Israel Seen as Fighting Peace

by Adam Morrow / Khaled Moussa al-Omrani
Inter Press Service
April 12, 2007

CAIRO - Israel’s rejection of the Arab peace initiative, which was reiterated at last month’s Arab Summit, drew emphatic criticism from Egyptian commentators. Although Israeli Prime Minister Ehud Olmert later called for peace talks with “moderate” Arab heads of state, most local political observers say Tel Aviv wants to have its cake and eat it too.”Olmert’s response was an attempt to normalise relations without responding to the initiative’s demands,” Mohamed Basyouni, former Egyptian ambassador to Israel and head of the committee for Arab affairs in the Shura Council (the upper consultative house of the Egyptian parliament) told IPS. “It was a totally unacceptable manoeuvre that puts the carriage before the horse.”

The Saudi-backed peace plan, first tabled at the 2002 Arab Summit in Beirut, offers across-the-board Arab recognition of Israel in exchange for core Palestinian demands.

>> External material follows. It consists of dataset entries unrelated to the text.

text \<open>Applying the basic recursion to every term of \<open>del_sum W X\<close> and regrouping by the
  minimal element deleted first.  Deleting \<open>x\<close> and then \<open>m\<close> is counted under \<open>m\<close> if \<open>m\<close>
  was minimal in \<open>W\<close>, and otherwise \<open>m\<close> is a new minimal element of \<open>W - x\<close>.\<close>
lemma del_sum_decomp:
  assumes WV: "W \<subseteq> V" and two: "2 \<le> card W" and XW: "X \<subseteq> W"
  shows "del_sum W X = (\<Sum>m\<in>minimals W r. del_sum_at W X m)"
proof -
  have finW: "finite W" and finX: "finite X" and finM: "finite (minimals W r)"
    using WV XW finite_subposet by (auto simp: minimals_def intro: finite_subset)
  have ne: "W - {x} \<noteq> {}" for x
  proof
    assume "W - {x} = {}"
    hence "card W \<le> card {x}" by (intro card_mono) auto
    thus False using two by simp
  qed
  have "del_sum W X = (\<Sum>x\<in>X. \<Sum>m\<in>minimals (W - {x}) r. num_linext (W - {x} - {m}) r)"
    unfolding del_sum_def using finW ne by (intro sum.cong num_linext_rec) auto
  also have "\<dots> = (\<Sum>x\<in>X. (\<Sum>m\<in>minimals W r - {x}. num_linext (W - {x} - {m}) r)
                          + del_sum (W - {x}) (new_minimals W x))"
    unfolding minimals_Diff del_sum_def using finM finite_new_minimals[OF WV]
    by (intro sum.cong refl sum.union_disjoint) (auto simp: new_minimals_def)
  also have "\<dots> = (\<Sum>m\<in>minimals W r. del_sum (W - {m}) (X - {m}))
                 + (\<Sum>x\<in>X. del_sum (W - {x}) (new_minimals W x))"
  proof -
    have "(\<Sum>x\<in>X. \<Sum>m\<in>minimals W r - {x}. num_linext (W - {x} - {m}) r)
        = (\<Sum>x\<in>X. \<Sum>m\<in>{m \<in> minimals W r. m \<noteq> x}. num_linext (W - {x} - {m}) r)"
      by (intro sum.cong) auto
    also have "\<dots> = (\<Sum>m\<in>minimals W r. \<Sum>x\<in>{x \<in> X. m \<noteq> x}. num_linext (W - {x} - {m}) r)"
      by (rule sum.swap_restrict[OF finX finM])
    also have "\<dots> = (\<Sum>m\<in>minimals W r. del_sum (W - {m}) (X - {m}))"
      unfolding del_sum_def by (intro sum.cong) (auto simp: Diff_insert2[symmetric] insert_commute)
    finally show ?thesis by (simp add: sum.distrib)
  qed
  also have "(\<Sum>x\<in>X. del_sum (W - {x}) (new_minimals W x))
      = (\<Sum>m\<in>minimals W r. if m \<in> X then del_sum (W - {m}) (new_minimals W m) else 0)"
  proof -
    have "(\<Sum>x\<in>X. del_sum (W - {x}) (new_minimals W x))
        = (\<Sum>x\<in>X \<inter> minimals W r. del_sum (W - {x}) (new_minimals W x))"
      using new_minimals_nonminimal by (intro sum.mono_neutral_right[OF finX]) (auto simp: del_sum_def)
    thus ?thesis using finM by (simp add: sum.If_cases Int_commute)
  qed
  finally show ?thesis by (simp add: sum.distrib del_sum_at_def)
qed

lemma is_chain_insert:
  assumes "is_chain W r C" "W \<subseteq> V" "z \<in> W" "\<forall>y\<in>C. (z, y) \<in> r \<or> (y, z) \<in> r"
  shows "is_chain W r (insert z C)"
  using assms po_refl by (auto simp: is_chain_def)

lemma is_maximal_chainI:
  "is_chain W r C \<Longrightarrow> (\<And>E. is_chain W r E \<Longrightarrow> C \<subseteq> E \<Longrightarrow> E = C) \<Longrightarrow> is_maximal_chain W r C"
  by (auto simp: is_maximal_chain_def)
(* Let $K$ be an $n$-dimensional oriented, well-centered, manifold-like simplicial complex with boundary $\partial K$ and circumcentric dual complex, and let $p,q$ be positive integers with $p+q=n+1$. Let $\mathcal F^d_{p,q}=\Omega_d^p(\star_{\mathrm i}K)\times\Omega_d^q(K)\times\Omega_d^{n-p}(\partial K)$ and $\mathcal E^d_{p,q}=\Omega_d^{n-p}(K)\times\Omega_d^{n-q}(\star_{\mathrm i}K)\times\Omega_d^{n-q}(\partial(\star K))$, with the symmetric bilinear form on $\mathcal F^d_{p,q}\times\mathcal E^d_{p,q}$ $$\langle\!\langle(\hat f_p^1,f_q^1,f_b^1,e_p^1,\hat e_q^1,\hat e_b^1),(\hat f_p^2,f_q^2,f_b^2,e_p^2,\hat e_q^2,\hat e_b^2)\rangle\!\rangle_d=\langle e_p^1\wedge\hat f_p^2+\hat e_q^1\wedge f_q^2+e_p^2\wedge\hat f_p^1+\hat e_q^2\wedge f_q^1,K\rangle+\langle\hat e_b^1\wedge f_b^2+\hat e_b^2\wedge f_b^1,\partial K\rangle .$$ Define $\mathcal D_d\subset\mathcal F^d_{p,q}\times\mathcal E^d_{p,q}$ as the set of $(\hat f_p,f_q,f_b,e_p,\hat e_q,\hat e_b)$ such that $$\hat f_p=(-1)^{pq+1}\big(\mathbf d_{\mathrm i}\hat e_q+\mathbf d_{\mathrm b}\hat e_b\big),\qquad f_q=\mathbf d e_p,\qquad f_b=(-1)^p\,e_p|_{\partial K}.$$ Then $\mathcal D_d=\mathcal D_d^{\perp}$ (orthogonal complement with respect to $\langle\!\langle\cdot,\cdot\rangle\!\rangle_d$), i.e. $\mathcal D_d$ is a Dirac structure.
   Context: Setting. $K$ is an $n$-dimensional manifold-like simplicial complex (every simplex is a face of some $n$-simplex), oriented ($n$-simplices sharing an $(n-1)$-face are coherently oriented, lower-dimensional simplices are individually oriented) and well-centered (every simplex contains its circumcenter in its interior). $\partial K$ is the $(n-1)$-dimensional boundary subcomplex: the $(n-1)$-simplices that are faces of exactly one $n$-simplex, together with all their faces. For simplices $\sigma^{j-1}\prec\sigma^{j}$ let $[\sigma^{j-1}:\sigma^{j}]\in\{\pm1\}$ be the coefficient of $\sigma^{j-1}$ in the simplicial boundary $\partial[v_0,\dots,v_j]=\sum_i(-1)^i[v_0,\dots,\widehat{v_i},\dots,v_j]$. Dual cells. Each simplex $\sigma^j\in K$ has a circumcentric interior dual $(n-j)$-cell $\star_{\mathrm i}\sigma^j$; each $\tau^j\in\partial K$ has a boundary dual $(n-1-j)$-cell $\star_{\mathrm b}\tau^j$ (its circumcentric dual within $\partial K$). Discrete forms. $\Omega_d^j(K)$ (resp. $\Omega_d^j(\partial K)$): real functions on the $j$-simplices of $K$ (resp. $\partial K$); $\Omega_d^m(\star_{\mathrm i}K)$: real functions on interior dual $m$-cells $\star_{\mathrm i}\sigma^{n-m}$; $\Omega_d^m(\partial(\star K))$: real functions on boundary dual $m$-cells $\star_{\mathrm b}\tau^{n-1-m}$, $\tau\in\partial K$. For primal $\alpha$, $\alpha|_{\partial K}$ is its restriction to simplices of $\partial K$. Derivatives. Primal: $(\mathbf d\alpha)(\sigma^{j})=\sum_{\sigma^{j-1}\prec\sigma^{j}}[\sigma^{j-1}:\sigma^{j}]\alpha(\sigma^{j-1})$. Dual: for $\hat\beta_{\mathrm i}\in\Omega_d^{m}(\star_{\mathrm i}K)$, $\hat\beta_{\mathrm b}\in\Omega_d^{m}(\partial(\star K))$, $m\le n-1$, with $j=n-m$: $(\mathbf d_{\mathrm i}\hat\beta_{\mathrm i})(\star_{\mathrm i}\sigma^{j-1})=(-1)^{j}\sum_{\sigma^{j}\succ\sigma^{j-1}}[\sigma^{j-1}:\sigma^{j}]\hat\beta_{\mathrm i}(\star_{\mathrm i}\sigma^{j})$, and $(\mathbf d_{\mathrm b}\hat\beta_{\mathrm b})(\star_{\mathrm i}\sigma^{j-1})=(-1)^{j-1}\hat\beta_{\mathrm b}(\star_{\mathrm b}\sigma^{j-1})$ if $\sigma^{j-1}\in\partial K$, $0$ otherwise; both lie in $\Omega_d^{m+1}(\star_{\mathrm i}K)$. Wedge pairings (extended bilinearly, so $\langle a+b,K\rangle=\langle a,K\rangle+\langle b,K\rangle$). For $\alpha\in\Omega_d^j(K)$, $\hat\beta\in\Omega_d^{n-j}(\star_{\mathrm i}K)$: $\langle\alpha\wedge\hat\beta,K\rangle=\sum_{\sigma^j\in K}\alpha(\sigma^j)\hat\beta(\star_{\mathrm i}\sigma^j)$, $\langle\hat\beta\wedge\alpha,K\rangle=(-1)^{j(n-j)}\langle\alpha\wedge\hat\beta,K\rangle$. For $\alpha\in\Omega_d^j(\partial K)$, $\hat\gamma\in\Omega_d^{n-1-j}(\partial(\star K))$: $\langle\alpha\wedge\hat\gamma,\partial K\rangle=\sum_{\tau^j\in\partial K}\alpha(\tau^j)\hat\gamma(\star_{\mathrm b}\tau^j)$, $\langle\hat\gamma\wedge\alpha,\partial K\rangle=(-1)^{j(n-1-j)}\langle\alpha\wedge\hat\gamma,\partial K\rangle$. A Dirac structure is a linear subspace $\mathcal D\subset\mathcal F\times\mathcal E$ with $\mathcal D=\mathcal D^\perp$ for the given symmetric bilinear form. *)

theory Defs
  imports "HOL-Analysis.Analysis"
begin

text \<open>
Oriented simplices are represented as lists of distinct vertices; the list order fixes
the orientation (the chosen representative up to even permutations).  A complex is a
finite set of such lists, containing exactly one oriented representative for each
underlying vertex set.  A j-simplex is a list of length j+1.  Discrete forms (primal,
interior dual, boundary primal, boundary dual) are real functions on simplices that
vanish outside their domain; an interior dual cell of a simplex and a boundary dual cell
of a boundary simplex are indexed by that simplex.
\<close>

type_synonym 'v form = "'v list \<Rightarrow> real"

definition simp :: "'v list set \<Rightarrow> nat \<Rightarrow> 'v list set" where
  "simp K j = {s \<in> K. length s = j + 1}"

definition face :: "'v list \<Rightarrow> 'v list \<Rightarrow> bool" where
  "face t s \<longleftrightarrow> set t \<subseteq> set s \<and> length t + 1 = length s"

definition list_pos :: "'v list \<Rightarrow> 'v \<Rightarrow> nat" where
  "list_pos ys x = length (takeWhile (\<lambda>y. y \<noteq> x) ys)"

definition rel_sign :: "'v list \<Rightarrow> 'v list \<Rightarrow> real" where
  "rel_sign xs ys = (-1) ^ card {(i, j). i < j \<and> j < length xs \<and>
      list_pos ys (xs ! j) < list_pos ys (xs ! i)}"

text \<open>Incidence number [t : s]: the coefficient of the oriented simplex t in the
  simplicial boundary of s = [v0,...,vj], i.e. (-1)^i times the relative orientation of
  [v0,..,vi omitted,..,vj] and t, where vi is the vertex of s not in t.\<close>
definition incidence :: "'v list \<Rightarrow> 'v list \<Rightarrow> real" where
  "incidence t s = (-1) ^ length (takeWhile (\<lambda>v. v \<in> set t) s)
      * rel_sign (filter (\<lambda>v. v \<in> set t) s) t"

definition list_simplicial_complex :: "'v list set \<Rightarrow> bool" where
  "list_simplicial_complex K \<longleftrightarrow> finite K \<and>
     (\<forall>s\<in>K. distinct s \<and> s \<noteq> []) \<and>
     (\<forall>s\<in>K. \<forall>t\<in>K. set s = set t \<longrightarrow> s = t) \<and>
     (\<forall>s\<in>K. \<forall>A. A \<subseteq> set s \<and> A \<noteq> {} \<longrightarrow> (\<exists>t\<in>K. set t = A))"

definition manifold_like :: "'v list set \<Rightarrow> nat \<Rightarrow> bool" where
  "manifold_like K n \<longleftrightarrow> simp K n \<noteq> {} \<and>
     (\<forall>s\<in>K. \<exists>t\<in>simp K n. set s \<subseteq> set t)"

definition bdry :: "'v list set \<Rightarrow> nat \<Rightarrow> 'v list set" where
  "bdry K n = {t \<in> K. \<exists>u \<in> simp K (n - 1).
       card {s \<in> simp K n. face u s} = 1 \<and> set t \<subseteq> set u}"

definition oriented :: "'v list set \<Rightarrow> nat \<Rightarrow> bool" where
  "oriented K n \<longleftrightarrow> (\<forall>u\<in>simp K (n - 1). \<forall>s1\<in>simp K n. \<forall>s2\<in>simp K n.
       s1 \<noteq> s2 \<and> face u s1 \<and> face u s2 \<longrightarrow> incidence u s1 = - incidence u s2)"

definition geometric_realization :: "'v list set \<Rightarrow> ('v \<Rightarrow> 'a::euclidean_space) \<Rightarrow> bool" where
  "geometric_realization K pos \<longleftrightarrow> inj_on pos (\<Union>s\<in>K. set s) \<and>
     (\<forall>s\<in>K. \<not> affine_dependent (pos ` set s)) \<and>
     (\<forall>s\<in>K. \<forall>t\<in>K. convex hull (pos ` set s) \<inter> convex hull (pos ` set t)
                    = convex hull (pos ` (set s \<inter> set t)))"

definition well_centered :: "'v list set \<Rightarrow> ('v \<Rightarrow> 'a::euclidean_space) \<Rightarrow> bool" where
  "well_centered K pos \<longleftrightarrow> (\<forall>s\<in>K. \<exists>c \<in> rel_interior (convex hull (pos ` set s)).
       \<forall>v\<in>set s. \<forall>w\<in>set s. dist c (pos v) = dist c (pos w))"

definition prim_forms :: "'v list set \<Rightarrow> nat \<Rightarrow> 'v form set" where
  "prim_forms K j = {\<alpha>. \<forall>s. s \<notin> simp K j \<longrightarrow> \<alpha> s = 0}"

definition bprim_forms :: "'v list set \<Rightarrow> nat \<Rightarrow> nat \<Rightarrow> 'v form set" where
  "bprim_forms K n j = {\<alpha>. \<forall>s. s \<notin> simp K j \<inter> bdry K n \<longrightarrow> \<alpha> s = 0}"

text \<open>Interior dual m-forms: functions on the dual cells of (n-m)-simplices.\<close>
definition dual_forms :: "'v list set \<Rightarrow> nat \<Rightarrow> nat \<Rightarrow> 'v form set" where
  "dual_forms K n m = {\<beta>. \<forall>s. s \<notin> simp K (n - m) \<longrightarrow> \<beta> s = 0}"

text \<open>Boundary dual m-forms: functions on boundary dual cells of (n-1-m)-simplices of the boundary.\<close>
definition bdual_forms :: "'v list set \<Rightarrow> nat \<Rightarrow> nat \<Rightarrow> 'v form set" where
  "bdual_forms K n m = {\<beta>. \<forall>s. s \<notin> simp K (n - 1 - m) \<inter> bdry K n \<longrightarrow> \<beta> s = 0}"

According to the proposal’s terms, Arab capitals would extend full diplomatic relations to the Jewish state in exchange for total Israeli withdrawal from territories occupied in 1967. The plan seeks a “just solution” to the Palestinian refugee issue on the basis of UN resolutions, and the establishment of a Palestinian state with East Jerusalem as its capital.